text \<open>Induction on j: the digit j of r decides whether step j slid the piece g + r onto the
  tangent of the piece g, or left it in place.\<close>
lemma utot_upto_deviation:
  assumes "j < m" "g mod 2 ^ j = 0" "r < 2 ^ j" "g + r < 2 ^ M" "Y \<le> 1"
    "utot_upto j (g + r) \<le> Y" "utot_upto j (g + r) \<le> e"
  shows "\<bar>A (g + r) * f (Y - utot_upto j (g + r)) + vtot_upto j (g + r) - A g * f Y\<bar>
           \<le> (\<Sum>i\<in>{1..j}. contact_err Y e i)"
  using assms
proof (induction j arbitrary: g r Y e)
  case 0
  then show ?case by (simp add: utot_upto_def vtot_upto_def)
next
  case (Suc j)
  have jm: "j < m" using Suc.prems(1) by simp
  have "2 ^ Suc j dvd g" using Suc.prems(2) by (rule mod_0_imp_dvd)
  then have "2 ^ j dvd g" by (rule power_le_dvd) simp
  then have g_mod: "g mod 2 ^ j = 0" "(g + 2 ^ j) mod 2 ^ j = 0" by auto
  have sum_Suc: "(\<Sum>i\<in>{1..Suc j}. contact_err Y e i)
      = (\<Sum>i\<in>{1..j}. contact_err Y e i) + contact_err Y e (Suc j)"
    by (simp add: sum.cl_ivl_Suc)
  show ?case
  proof (cases "r < 2 ^ j")
    case True
    note U = utot_vtot_upto_Suc_low[OF Suc.prems(2) True]
    have "\<bar>A (g + r) * f (Y - utot_upto j (g + r)) + vtot_upto j (g + r) - A g * f Y\<bar>
            \<le> (\<Sum>i\<in>{1..j}. contact_err Y e i)"
      using Suc.IH[OF jm g_mod(1) True Suc.prems(4,5)] Suc.prems(6,7) unfolding U by blast
    then show ?thesis unfolding sum_Suc U using contact_err_nonneg[of Y e "Suc j"] by linarith
  next
    case False
    define r' where "r' = r - 2 ^ j"
    define u where "u = fst (uv (Suc j) (g + 2 ^ j))"
    define v where "v = snd (uv (Suc j) (g + 2 ^ j))"
    have r': "r' < 2 ^ j" "g + r = g + 2 ^ j + r'" using Suc.prems(3) False by (auto simp: r'_def)
    note U = utot_vtot_upto_Suc_high[OF Suc.prems(2) r'(1), folded r'(2) u_def v_def]
    have gM: "g + 2 ^ j < 2 ^ M" using Suc.prems(4) r'(2) by linarith
    have u0: "0 \<le> u" using uvstep_tangency(3)[of "Suc j" "g + 2 ^ j"] Suc.prems(1) gM by (simp add: u_def)
    have U0: "0 \<le> utot_upto j (g + r)" using utot_upto_nonneg[OF jm Suc.prems(4)] .
    let ?D_IH = "A (g + r) * f (Y - u - utot_upto j (g + r)) + vtot_upto j (g + r) - A (g + 2 ^ j) * f (Y - u)"
    let ?D_step = "A (g + 2 ^ j) * f (Y - u) + v - A g * f Y"
    have "\<bar>?D_IH\<bar> \<le> (\<Sum>i\<in>{1..j}. contact_err (Y - u) (e - u) i)"
      using Suc.IH[OF jm g_mod(2) r'(1), of "Y - u" "e - u"] Suc.prems(4-7) U u0
      unfolding r'(2)[symmetric] by simp
    also have "\<dots> \<le> (\<Sum>i\<in>{1..j}. contact_err Y e i)"
      using contact_err_shift_le u0 U0 U Suc.prems(7) by (intro sum_mono) simp
    finally have IH: "\<bar>?D_IH\<bar> \<le> (\<Sum>i\<in>{1..j}. contact_err Y e i)" .
    have step: "\<bar>?D_step\<bar> \<le> contact_err Y e (Suc j)"
      using slide_step_deviation[OF Suc.prems(1) gM] Suc.prems(5-7) U U0 u0 by (simp add: u_def v_def)
    have "A (g + r) * f (Y - utot_upto (Suc j) (g + r)) + vtot_upto (Suc j) (g + r) - A g * f Y
            = ?D_IH + ?D_step"
      unfolding U by (simp add: algebra_simps)
    then show ?thesis unfolding sum_Suc using IH step abs_triangle_ineq[of ?D_IH ?D_step] by linarith
  qed
qed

────────────────────────────────────────

# Work item
Exactly as they appear above, write out all of the lines.

# Answer for the task
text \<open>Induction on j: the digit j of r decides whether step j slid the piece g + r onto the
  tangent of the piece g, or left it in place.\<close>
lemma utot_upto_deviation:
  assumes "j < m" "g mod 2 ^ j = 0" "r < 2 ^ j" "g + r < 2 ^ M" "Y \<le> 1"
    "utot_upto j (g + r) \<le> Y" "utot_upto j (g + r) \<le> e"
  shows "\<bar>A (g + r) * f (Y - utot_upto j (g + r)) + vtot_upto j (g + r) - A g * f Y\<bar>
           \<le> (\<Sum>i\<in>{1..j}. contact_err Y e i)"
  using assms
proof (induction j arbitrary: g r Y e)
  case 0
  then show ?case by (simp add: utot_upto_def vtot_upto_def)
next
  case (Suc j)
  have jm: "j < m" using Suc.prems(1) by simp
  have "2 ^ Suc j dvd g" using Suc.prems(2) by (rule mod_0_imp_dvd)
  then have "2 ^ j dvd g" by (rule power_le_dvd) simp
  then have g_mod: "g mod 2 ^ j = 0" "(g + 2 ^ j) mod 2 ^ j = 0" by auto
  have sum_Suc: "(\<Sum>i\<in>{1..Suc j}. contact_err Y e i)
      = (\<Sum>i\<in>{1..j}. contact_err Y e i) + contact_err Y e (Suc j)"
    by (simp add: sum.cl_ivl_Suc)
  show ?case
  proof (cases "r < 2 ^ j")
    case True
    note U = utot_vtot_upto_Suc_low[OF Suc.prems(2) True]
    have "\<bar>A (g + r) * f (Y - utot_upto j (g + r)) + vtot_upto j (g + r) - A g * f Y\<bar>
            \<le> (\<Sum>i\<in>{1..j}. contact_err Y e i)"
      using Suc.IH[OF jm g_mod(1) True Suc.prems(4,5)] Suc.prems(6,7) unfolding U by blast
    then show ?thesis unfolding sum_Suc U using contact_err_nonneg[of Y e "Suc j"] by linarith
  next
    case False
    define r' where "r' = r - 2 ^ j"
    define u where "u = fst (uv (Suc j) (g + 2 ^ j))"
    define v where "v = snd (uv (Suc j) (g + 2 ^ j))"
    have r': "r' < 2 ^ j" "g + r = g + 2 ^ j + r'" using Suc.prems(3) False by (auto simp: r'_def)
    note U = utot_vtot_upto_Suc_high[OF Suc.prems(2) r'(1), folded r'(2) u_def v_def]
    have gM: "g + 2 ^ j < 2 ^ M" using Suc.prems(4) r'(2) by linarith
    have u0: "0 \<le> u" using uvstep_tangency(3)[of "Suc j" "g + 2 ^ j"] Suc.prems(1) gM by (simp add: u_def)
    have U0: "0 \<le> utot_upto j (g + r)" using utot_upto_nonneg[OF jm Suc.prems(4)] .
    let ?D_IH = "A (g + r) * f (Y - u - utot_upto j (g + r)) + vtot_upto j (g + r) - A (g + 2 ^ j) * f (Y - u)"
    let ?D_step = "A (g + 2 ^ j) * f (Y - u) + v - A g * f Y"
    have "\<bar>?D_IH\<bar> \<le> (\<Sum>i\<in>{1..j}. contact_err (Y - u) (e - u) i)"
      using Suc.IH[OF jm g_mod(2) r'(1), of "Y - u" "e - u"] Suc.prems(4-7) U u0
      unfolding r'(2)[symmetric] by simp
    also have "\<dots> \<le> (\<Sum>i\<in>{1..j}. contact_err Y e i)"
      using contact_err_shift_le u0 U0 U Suc.prems(7) by (intro sum_mono) simp
    finally have IH: "\<bar>?D_IH\<bar> \<le> (\<Sum>i\<in>{1..j}. contact_err Y e i)" .
    have step: "\<bar>?D_step\<bar> \<le> contact_err Y e (Suc j)"
      using slide_step_deviation[OF Suc.prems(1) gM] Suc.prems(5-7) U U0 u0 by (simp add: u_def v_def)
    have "A (g + r) * f (Y - utot_upto (Suc j) (g + r)) + vtot_upto (Suc j) (g + r) - A g * f Y
            = ?D_IH + ?D_step"
      unfolding U by (simp add: algebra_simps)
    then show ?thesis unfolding sum_Suc using IH step abs_triangle_ineq[of ?D_IH ?D_step] by linarith
  qed
qed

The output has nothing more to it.